BEGIN Study material
lemma convex_on_norm_power2: "convex_on UNIV (\<lambda>x::'a::real_normed_vector. (norm x)\<^sup>2)"
proof (rule convex_onI)
  fix t :: real and x y :: 'a
  assume t: "0 < t" "t < 1"
  have "norm ((1 - t) *\<^sub>R x + t *\<^sub>R y) \<le> (1 - t) * norm x + t * norm y"
    using norm_triangle_ineq[of "(1 - t) *\<^sub>R x" "t *\<^sub>R y"] t by simp
  then have "(norm ((1 - t) *\<^sub>R x + t *\<^sub>R y))\<^sup>2 \<le> ((1 - t) * norm x + t * norm y)\<^sup>2"
    by (rule power_mono) simp
  also have "\<dots> \<le> (1 - t) * (norm x)\<^sup>2 + t * (norm y)\<^sup>2"
    using convex_onD[OF convex_power2, of t "norm x" "norm y"] t by simp
  finally show "(norm ((1 - t) *\<^sub>R x + t *\<^sub>R y))\<^sup>2 \<le> (1 - t) * (norm x)\<^sup>2 + t * (norm y)\<^sup>2" .
qed simp

text \<open>Partial linear functionals are handled through their graphs, so that their extensions
  are ordered by inclusion and Zorn's lemma applies.\<close>

definition linear_graph :: "('a::real_vector \<times> real) set \<Rightarrow> bool" where
  "linear_graph G \<longleftrightarrow> subspace G \<and> (\<forall>x r r'. (x, r) \<in> G \<longrightarrow> (x, r') \<in> G \<longrightarrow> r = r')"

lemma linear_graph_span_insert:
  assumes G: "linear_graph G" and z: "z \<notin> fst ` G"
  shows "linear_graph (span (insert (z, c) G))"
  unfolding linear_graph_def
proof (intro conjI subspace_span allI impI)
  have sub: "subspace G" and fn: "\<And>x r r'. (x, r) \<in> G \<Longrightarrow> (x, r') \<in> G \<Longrightarrow> r = r'"
    using G unfolding linear_graph_def by blast+
  fix x r r' assume "(x, r) \<in> span (insert (z, c) G)" "(x, r') \<in> span (insert (z, c) G)"
  then obtain k k' where k: "(x - k *\<^sub>R z, r - k * c) \<in> G" and k': "(x - k' *\<^sub>R z, r' - k' * c) \<in> G"
    using sub by (auto simp: span_insert span_eq_iff[THEN iffD2, OF sub])
  have diff: "((k' - k) *\<^sub>R z, r - r' - (k - k') * c) \<in> G"
    using subspace_diff[OF sub k k'] by (simp add: algebra_simps)
  have "k = k'"
  proof (rule ccontr)
    assume "k \<noteq> k'"
    then have "(z, (r - r' - (k - k') * c) / (k' - k)) \<in> G"
      using subspace_scale[OF sub diff, of "1 / (k' - k)"] by simp
    then show False using z by force
  qed
  then have "(0, r - r') \<in> G" using diff by simp
  moreover have "(0, 0) \<in> G" using subspace_0[OF sub] by (simp add: zero_prod_def)
  ultimately show "r = r'" using fn by fastforce
qed

lemma dominated_graph_slope_le:
  assumes \<Phi>: "convex_on UNIV \<Phi>" and G: "subspace G" and dom: "\<forall>(x, r) \<in> G. r \<le> \<Phi> x"
    and mr: "(m, r) \<in> G" and mr': "(m', r') \<in> G" and s: "0 < s" and t: "0 < t"
  shows "(r' - \<Phi> (m' - s *\<^sub>R z)) / s \<le> (\<Phi> (m + t *\<^sub>R z) - r) / t"
proof -
  define a where "a = s / (s + t)"
  have a: "0 \<le> a" "a \<le> 1" "(s + t) * a = s" "(s + t) * (1 - a) = t"
    using s t by (auto simp: a_def field_simps)
  have "(1 - a) *\<^sub>R (m' - s *\<^sub>R z) + a *\<^sub>R (m + t *\<^sub>R z) = (1 - a) *\<^sub>R m' + a *\<^sub>R m"
  proof -
    have "a * t - (1 - a) * s = 0" using s t by (simp add: a_def field_simps)
    moreover have "(1 - a) *\<^sub>R (m' - s *\<^sub>R z) + a *\<^sub>R (m + t *\<^sub>R z)
        = (1 - a) *\<^sub>R m' + a *\<^sub>R m + (a * t - (1 - a) * s) *\<^sub>R z"
      by (simp add: algebra_simps)
    ultimately show ?thesis by simp
  qed
  moreover have "((1 - a) *\<^sub>R m' + a *\<^sub>R m, (1 - a) * r' + a * r) \<in> G"
    using subspace_add[OF G subspace_scale[OF G mr', of "1 - a"] subspace_scale[OF G mr, of a]] by simp
  ultimately have "(1 - a) * r' + a * r \<le> \<Phi> ((1 - a) *\<^sub>R (m' - s *\<^sub>R z) + a *\<^sub>R (m + t *\<^sub>R z))"
    using dom by fastforce
  also have "\<dots> \<le> (1 - a) * \<Phi> (m' - s *\<^sub>R z) + a * \<Phi> (m + t *\<^sub>R z)"
    using convex_onD[OF \<Phi>] a by simp
  finally have "(s + t) * ((1 - a) * r' + a * r) \<le> (s + t) * ((1 - a) * \<Phi> (m' - s *\<^sub>R z) + a * \<Phi> (m + t *\<^sub>R z))"
    using s t by simp
  then have "t * (r' - \<Phi> (m' - s *\<^sub>R z)) \<le> s * (\<Phi> (m + t *\<^sub>R z) - r)"
    by (simp only: distrib_left mult.assoc[symmetric] a) (simp add: algebra_simps)
  then show ?thesis using s t by (simp add: field_simps mult.commute)
qed

lemma dominated_graph_span_insert:
  assumes \<Phi>: "convex_on UNIV \<Phi>" and G: "subspace G" and dom: "\<forall>(x, r) \<in> G. r \<le> \<Phi> x"
  shows "\<exists>c. \<forall>(x, r) \<in> span (insert (z, c) G). r \<le> \<Phi> x"
proof -
  define L where "L = {(r - \<Phi> (m - s *\<^sub>R z)) / s | m r s. (m, r) \<in> G \<and> 0 < s}"
  define U where "U = {(\<Phi> (m + t *\<^sub>R z) - r) / t | m r t. (m, r) \<in> G \<and> 0 < t}"
  have inL: "(r - \<Phi> (m - s *\<^sub>R z)) / s \<in> L" if "(m, r) \<in> G" "0 < s" for m r s
    using that unfolding L_def by blast
  have inU: "(\<Phi> (m + t *\<^sub>R z) - r) / t \<in> U" if "(m, r) \<in> G" "0 < t" for m r t
    using that unfolding U_def by blast
  have G0: "(0, 0) \<in> G" using subspace_0[OF G] by (simp add: zero_prod_def)
  have "l \<le> u" if "l \<in> L" "u \<in> U" for l u
    using that dominated_graph_slope_le[OF \<Phi> G dom] unfolding L_def U_def by blast
  with inL[OF G0, of 1] inU[OF G0, of 1]
  have L_le: "l \<le> Sup L" and le_U: "Sup L \<le> u" if "l \<in> L" "u \<in> U" for l u
    using that by (auto intro!: cSup_upper cSup_least bdd_aboveI)
  have "r \<le> \<Phi> x" if xr: "(x, r) \<in> span (insert (z, Sup L) G)" for x r
  proof -
    obtain k where "(x, r) - k *\<^sub>R (z, Sup L) \<in> G"
      using xr G by (auto simp: span_insert span_eq_iff[THEN iffD2, OF G])
    then have k: "(x - k *\<^sub>R z, r - k * Sup L) \<in> G" by simp
    consider "k = 0" | "0 < k" | "k < 0" by linarith
    then show ?thesis
    proof cases
      case 1 then show ?thesis using k dom by fastforce
    next
      case 2
      have "Sup L \<le> (\<Phi> x - (r - k * Sup L)) / k"
        using le_U[OF inL[OF G0, of 1] inU[OF k 2]] by simp
      then show ?thesis using 2 by (simp add: field_simps)
    next
      case 3
      have "((r - k * Sup L) - \<Phi> x) / (- k) \<le> Sup L"
        using L_le[OF inL[OF k, of "- k"] inU[OF G0, of 1]] 3 by simp
      then show ?thesis using 3 by (simp add: field_simps)
    qed
  qed
  then show ?thesis by blast
qed

lemma linear_graph_Union_chain:
  assumes "\<C> \<noteq> {}" and "\<forall>G \<in> \<C>. linear_graph G" and chain: "\<forall>G \<in> \<C>. \<forall>H \<in> \<C>. G \<subseteq> H \<or> H \<subseteq> G"
  shows "linear_graph (\<Union>\<C>)"
proof -
  have common: "\<exists>H \<in> \<C>. p \<in> H \<and> q \<in> H" if "p \<in> \<Union>\<C>" "q \<in> \<Union>\<C>" for p q
    using that chain by blast
  show ?thesis
    unfolding linear_graph_def subspace_def
  proof (intro conjI allI impI ballI)
    show "0 \<in> \<Union>\<C>" using assms(1,2) by (auto simp: linear_graph_def subspace_def)
    show "c *\<^sub>R p \<in> \<Union>\<C>" if "p \<in> \<Union>\<C>" for c p
      using that assms(2) by (auto simp: linear_graph_def subspace_def)
    show "p + q \<in> \<Union>\<C>" if pq: "p \<in> \<Union>\<C>" "q \<in> \<Union>\<C>" for p q
    proof -
      obtain H where "H \<in> \<C>" "p \<in> H" "q \<in> H" using common[OF pq] by blast
      then show ?thesis using assms(2) subspace_add unfolding linear_graph_def by blast
    qed
    show "r = r'" if xr: "(x, r) \<in> \<Union>\<C>" "(x, r') \<in> \<Union>\<C>" for x r r'
    proof -
      obtain H where "H \<in> \<C>" "(x, r) \<in> H" "(x, r') \<in> H" using common[OF xr] by blast
      then show ?thesis using assms(2) unfolding linear_graph_def by blast
    qed
  qed
qed
definition filtration_on :: "'a measure \<Rightarrow> (real \<Rightarrow> 'a measure) \<Rightarrow> bool" where
  "filtration_on M F \<longleftrightarrow> (\<forall>t\<ge>0. subalgebra M (F t)) \<and>
     (\<forall>s t. 0 \<le> s \<longrightarrow> s \<le> t \<longrightarrow> sets (F s) \<subseteq> sets (F t))"

definition right_lim :: "'a measure \<Rightarrow> (real \<Rightarrow> 'a measure) \<Rightarrow> real \<Rightarrow> 'a measure" where
  "right_lim M F t = sigma (space M) (\<Inter>s\<in>{t<..}. sets (F s))"

definition cond_indep :: "'a measure \<Rightarrow> 'a measure \<Rightarrow> 'a measure \<Rightarrow> 'a measure \<Rightarrow> bool" where
  "cond_indep M F H G \<longleftrightarrow> (\<forall>A\<in>sets F. \<forall>B\<in>sets H.
     AE x in M. real_cond_exp M G (indicator (A \<inter> B)) x
        = real_cond_exp M G (indicator A) x * real_cond_exp M G (indicator B) x)"

end

theory Submission
  imports Defs
begin

(* For t >= 0 choose s_n in T decreasing to t. Then F_{t+} is contained in every F_{s_n}, and
   G_{t+} is the intersection of the decreasing sigma-algebras G_n := G_{s_n}. The identity
   E[1_{A \<inter> B} | G_n] = E[1_A | G_n] E[1_B | G_n] passes to the limit once Z_n = E[X | G_n]
   converges to E[X | G_{t+}] almost surely along subsequences, for bounded X.
   Conditional expectations given nested sigma-algebras are nested orthogonal projections, so
   ||Z_n - Z_m||^2 = ||Z_n||^2 - ||Z_m||^2 in L^2 for n <= m; these norms decrease, hence (Z_n)
   is Cauchy in L^2, so in L^1, and a subsequence converges almost surely. The limit is
   G_n-measurable for every n, hence G_{t+}-measurable, and has the integrals of X over the sets
   of G_{t+}, so it is E[X | G_{t+}]. *)

lemma lim_ignore_initial_segment: "lim (\<lambda>n. f (n + k)) = lim f"
  unfolding lim_def by (metis LIMSEQ_ignore_initial_segment LIMSEQ_offset)

lemma decseq_from_right_in_dense:
  fixes T :: "real set"
  assumes dense: "{t<..} \<subseteq> closure T"
  obtains s where "decseq s" "\<And>n. s n \<in> T" "\<And>n. t < s n" "s \<longlonglongrightarrow> t"
proof -
  have between: "\<exists>y. y \<in> T \<and> t < y \<and> y < a" if "t < a" for a
  proof -
    have "(t + a) / 2 \<in> {t<..<a}"
      using that by simp
    moreover have "(t + a) / 2 \<in> closure T"
      using that by (intro subsetD[OF dense]) simp
    ultimately have "{t<..<a} \<inter> closure T \<noteq> {}"
      by blast
    then have "{t<..<a} \<inter> T \<noteq> {}"
      by (simp add: open_Int_closure_eq_empty)
    then show ?thesis
      by auto
  qed
  have "\<exists>s. \<forall>n. (s n \<in> T \<and> t < s n \<and> s n < t + inverse (Suc n)) \<and> s (Suc n) < s n"
  proof (rule dependent_nat_choice)
    show "\<exists>x. x \<in> T \<and> t < x \<and> x < t + inverse (Suc 0)"
      using between[of "t + 1"] by simp
    fix x n assume "x \<in> T \<and> t < x \<and> x < t + inverse (Suc n)"
    then have "t < min x (t + inverse (Suc (Suc n)))"
      by simp
    then obtain y where "y \<in> T" "t < y" "y < min x (t + inverse (Suc (Suc n)))"
      using between by blast
    then show "\<exists>y. (y \<in> T \<and> t < y \<and> y < t + inverse (Suc (Suc n))) \<and> y < x"
      by auto
  qed
  then obtain s where s: "\<And>n. s n \<in> T" "\<And>n. t < s n" "\<And>n. s n < t + inverse (Suc n)"
    and dec: "\<And>n. s (Suc n) < s n"
    by blast
  have "s \<longlonglongrightarrow> t"
  proof (rule real_tendsto_sandwich[where f="\<lambda>_. t" and h="\<lambda>n. t + inverse (Suc n)"])
    show "eventually (\<lambda>n. t \<le> s n) sequentially"
      using s(2) by (simp add: less_imp_le)
    show "eventually (\<lambda>n. s n \<le> t + inverse (Suc n)) sequentially"
      using s(3) by (simp add: less_imp_le)
    show "(\<lambda>n. t + inverse (Suc n)) \<longlonglongrightarrow> t"
      using tendsto_add[OF tendsto_const LIMSEQ_inverse_real_of_nat, of t] by simp
  qed simp
  moreover have "decseq s"
    using dec by (intro decseq_SucI less_imp_le)
  ultimately show ?thesis
    using s that by blast
qed

lemma (in prob_space) sigma_finite_subalgebra_of_subalgebra:
  "subalgebra M F \<Longrightarrow> sigma_finite_subalgebra M F"
  by (intro finite_measure_subalgebra_is_sigma_finite)
     (simp add: finite_measure_subalgebra_def finite_measure_subalgebra_axioms_def)

lemma (in finite_measure) integrable_mult_of_AE_abs_le:
  fixes f g :: "'a \<Rightarrow> real"
  assumes "f \<in> borel_measurable M" "g \<in> borel_measurable M"
    and "AE x in M. \<bar>f x\<bar> \<le> a" "AE x in M. \<bar>g x\<bar> \<le> b"
  shows "integrable M (\<lambda>x. f x * g x)"
proof (rule integrable_const_bound[where B="a * b"])
  show "AE x in M. norm (f x * g x) \<le> a * b"
    using assms(3,4) by eventually_elim (auto simp: abs_mult intro: mult_mono')
qed (use assms(1,2) in simp)

lemma (in prob_space) integral_abs_squared_le:
  fixes f :: "'a \<Rightarrow> real"
  assumes "f \<in> borel_measurable M" and "integrable M (\<lambda>x. (f x)\<^sup>2)"
  shows "(\<integral>x. \<bar>f x\<bar> \<partial>M)\<^sup>2 \<le> (\<integral>x. (f x)\<^sup>2 \<partial>M)"
  using jensens_inequality[where q=power2 and I=UNIV and X="\<lambda>x. \<bar>f x\<bar>"]
    square_integrable_imp_integrable[OF assms] assms(2) convex_power2
  by simp

lemma (in prob_space) real_cond_exp_abs_le_const:
  fixes X :: "'a \<Rightarrow> real"
  assumes "subalgebra M F" and [measurable]: "X \<in> borel_measurable M"
    and bound: "\<And>x. x \<in> space M \<Longrightarrow> \<bar>X x\<bar> \<le> c"
  shows "AE x in M. \<bar>real_cond_exp M F X x\<bar> \<le> c"
proof -
  interpret sigma_finite_subalgebra M F
    using assms(1) by (rule sigma_finite_subalgebra_of_subalgebra)
  have X: "integrable M X"
    using bound by (intro integrable_const_bound[where B=c]) auto
  have "AE x in M. - c \<le> real_cond_exp M F X x"
    by (intro real_cond_exp_ge_c X AE_I2) (use bound in \<open>fastforce simp: abs_le_iff\<close>)
  moreover have "AE x in M. real_cond_exp M F X x \<le> c"
    by (intro real_cond_exp_le_c X AE_I2) (use bound in \<open>fastforce simp: abs_le_iff\<close>)
  ultimately show ?thesis
    by eventually_elim auto
qed

lemma (in prob_space) integral_real_cond_exp_diff_square:
  fixes X :: "'a \<Rightarrow> real"
  assumes sub: "subalgebra M F" "subalgebra M F'" and "sets F' \<subseteq> sets F"
    and [measurable]: "X \<in> borel_measurable M"
    and bound: "\<And>x. x \<in> space M \<Longrightarrow> \<bar>X x\<bar> \<le> c"
  shows "(\<integral>x. (real_cond_exp M F X x - real_cond_exp M F' X x)\<^sup>2 \<partial>M)
    = (\<integral>x. (real_cond_exp M F X x)\<^sup>2 \<partial>M) - (\<integral>x. (real_cond_exp M F' X x)\<^sup>2 \<partial>M)"
proof -
  interpret F: sigma_finite_subalgebra M F
    using sub(1) by (rule sigma_finite_subalgebra_of_subalgebra)
  interpret F': sigma_finite_subalgebra M F'
    using sub(2) by (rule sigma_finite_subalgebra_of_subalgebra)
  define Z where "Z = real_cond_exp M F X"
  define Z' where "Z' = real_cond_exp M F' X"
  have "subalgebra F F'"
    using sub \<open>sets F' \<subseteq> sets F\<close> by (simp add: subalgebra_def)
  then have [measurable]: "Z' \<in> borel_measurable F"
    unfolding Z'_def by (rule measurable_from_subalg) simp
  have [measurable]: "Z \<in> borel_measurable M" "Z' \<in> borel_measurable M"
    unfolding Z_def Z'_def by simp_all
  have bounds: "AE x in M. \<bar>Z x\<bar> \<le> c" "AE x in M. \<bar>Z' x\<bar> \<le> c" "AE x in M. \<bar>X x\<bar> \<le> c"
    unfolding Z_def Z'_def using sub bound by (auto intro: real_cond_exp_abs_le_const)
  have "(\<integral>x. Z' x * Z x \<partial>M) = (\<integral>x. Z' x * X x \<partial>M)"
    unfolding Z_def using bounds by (intro F.real_cond_exp_intg(2) integrable_mult_of_AE_abs_le) auto
  also have "\<dots> = (\<integral>x. Z' x * Z' x \<partial>M)"
    using F'.real_cond_exp_intg(2)[OF integrable_mult_of_AE_abs_le[OF _ _ bounds(2,3)]]
    by (simp add: Z'_def)
  finally have cross: "(\<integral>x. Z' x * Z x \<partial>M) = (\<integral>x. Z' x * Z' x \<partial>M)" .
  have "(\<integral>x. (Z x - Z' x)\<^sup>2 \<partial>M) = (\<integral>x. Z x * Z x - 2 * (Z' x * Z x) + Z' x * Z' x \<partial>M)"
    by (simp add: power2_eq_square algebra_simps)
  also have "\<dots> = (\<integral>x. Z x * Z x \<partial>M) - 2 * (\<integral>x. Z' x * Z x \<partial>M) + (\<integral>x. Z' x * Z' x \<partial>M)"
    using bounds by (simp add: integrable_mult_of_AE_abs_le)
  finally show ?thesis
    unfolding Z_def[symmetric] Z'_def[symmetric] cross by (simp add: power2_eq_square)
qed

locale decreasing_subalgebras = prob_space M for M :: "'a measure" +
  fixes G :: "nat \<Rightarrow> 'a measure" and G_inf :: "'a measure"
  assumes subalgebra_G: "subalgebra M (G n)"
    and decseq_G: "decseq (\<lambda>n. sets (G n))"
    and subalgebra_G_inf: "subalgebra M G_inf"
    and sets_G_inf: "sets G_inf = (\<Inter>n. sets (G n))"
begin

lemma sigma_finite_G: "sigma_finite_subalgebra M (G n)"
  using subalgebra_G by (rule sigma_finite_subalgebra_of_subalgebra)

lemma integral_real_cond_exp_G_diff_square:
  fixes X :: "'a \<Rightarrow> real"
  assumes "i \<le> j" and "X \<in> borel_measurable M" and "\<And>x. x \<in> space M \<Longrightarrow> \<bar>X x\<bar> \<le> c"
  shows "(\<integral>x. (real_cond_exp M (G i) X x - real_cond_exp M (G j) X x)\<^sup>2 \<partial>M)
    = (\<integral>x. (real_cond_exp M (G i) X x)\<^sup>2 \<partial>M) - (\<integral>x. (real_cond_exp M (G j) X x)\<^sup>2 \<partial>M)"
  using subalgebra_G subalgebra_G _ assms(2,3)
proof (rule integral_real_cond_exp_diff_square)
  show "sets (G j) \<subseteq> sets (G i)"
    using decseq_G \<open>i \<le> j\<close> by (simp add: decseq_def)
qed

lemma decseq_integral_real_cond_exp_G_square:
  fixes X :: "'a \<Rightarrow> real"
  assumes "X \<in> borel_measurable M" and "\<And>x. x \<in> space M \<Longrightarrow> \<bar>X x\<bar> \<le> c"
  shows "decseq (\<lambda>n. \<integral>x. (real_cond_exp M (G n) X x)\<^sup>2 \<partial>M)"
proof (rule antimonoI)
  fix i j :: nat assume "i \<le> j"
  have "0 \<le> (\<integral>x. (real_cond_exp M (G i) X x - real_cond_exp M (G j) X x)\<^sup>2 \<partial>M)"
    by (rule integral_nonneg_AE) simp
  then show "(\<integral>x. (real_cond_exp M (G j) X x)\<^sup>2 \<partial>M) \<le> (\<integral>x. (real_cond_exp M (G i) X x)\<^sup>2 \<partial>M)"
    using integral_real_cond_exp_G_diff_square[OF \<open>i \<le> j\<close> assms] by simp
qed

lemma real_cond_exp_G_L1_Cauchy:
  fixes X :: "'a \<Rightarrow> real"
  assumes [measurable]: "X \<in> borel_measurable M"
    and bound: "\<And>x. x \<in> space M \<Longrightarrow> \<bar>X x\<bar> \<le> c"
    and "0 < e"
  shows "\<exists>N. \<forall>i\<ge>N. \<forall>j\<ge>N. (\<integral>x. \<bar>real_cond_exp M (G i) X x - real_cond_exp M (G j) X x\<bar> \<partial>M) < e"
proof -
  define Z where "Z n = real_cond_exp M (G n) X" for n
  define d where "d n = (\<integral>x. (Z n x)\<^sup>2 \<partial>M)" for n
  have [measurable]: "Z n \<in> borel_measurable M" for n
    unfolding Z_def by simp
  have Z_bound: "AE x in M. \<bar>Z n x\<bar> \<le> c" for n
    unfolding Z_def using subalgebra_G _ bound by (rule real_cond_exp_abs_le_const) simp
  have Z_diff_bound: "AE x in M. \<bar>Z i x - Z j x\<bar> \<le> 2 * c" for i j
    using Z_bound[of i] Z_bound[of j] by eventually_elim linarith
  have "decseq d"
    unfolding d_def Z_def using assms(1) bound by (rule decseq_integral_real_cond_exp_G_square)
  moreover have "0 \<le> d n" for n
    unfolding d_def by (rule integral_nonneg_AE) simp
  ultimately obtain L where "d \<longlonglongrightarrow> L"
    using decseq_convergent[of d 0] by blast
  then have "Cauchy d"
    by (rule LIMSEQ_imp_Cauchy)
  then obtain N where N: "\<And>i j. i \<ge> N \<Longrightarrow> j \<ge> N \<Longrightarrow> \<bar>d i - d j\<bar> < e\<^sup>2"
    using \<open>0 < e\<close> unfolding Cauchy_def dist_real_def by (meson zero_less_power)
  have "(\<integral>x. \<bar>Z i x - Z j x\<bar> \<partial>M) < e" if "i \<ge> N" "j \<ge> N" for i j
  proof -
    have "integrable M (\<lambda>x. (Z i x - Z j x)\<^sup>2)"
      using integrable_mult_of_AE_abs_le[OF _ _ Z_diff_bound Z_diff_bound]
      by (simp add: power2_eq_square)
    then have "(\<integral>x. \<bar>Z i x - Z j x\<bar> \<partial>M)\<^sup>2 \<le> (\<integral>x. (Z i x - Z j x)\<^sup>2 \<partial>M)"
      by (intro integral_abs_squared_le) simp
    also have "\<dots> = \<bar>d i - d j\<bar>"
      using integral_real_cond_exp_G_diff_square[OF _ assms(1) bound, of i j]
        integral_real_cond_exp_G_diff_square[OF _ assms(1) bound, of j i]
        \<open>decseq d\<close>[THEN antimonoD, of i j] \<open>decseq d\<close>[THEN antimonoD, of j i]
      by (cases "i \<le> j") (auto simp: Z_def d_def power2_commute)
    also have "\<dots> < e\<^sup>2"
      using N[OF that] .
    finally show ?thesis
      using \<open>0 < e\<close> by (simp add: power_less_imp_less_base)
  qed
  then show ?thesis
    unfolding Z_def by blast
qed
END Study material
Exercise aim:
Each line from the top of the records above through the line containing "t *\<^sub>R y) \<le>" needs to be transcribed exactly, and no line after it.

Solution for this exercise:
lemma convex_on_norm_power2: "convex_on UNIV (\<lambda>x::'a::real_normed_vector. (norm x)\<^sup>2)"
proof (rule convex_onI)
  fix t :: real and x y :: 'a
  assume t: "0 < t" "t < 1"
  have "norm ((1 - t) *\<^sub>R x + t *\<^sub>R y) \<le> (1 - t) * norm x + t * norm y"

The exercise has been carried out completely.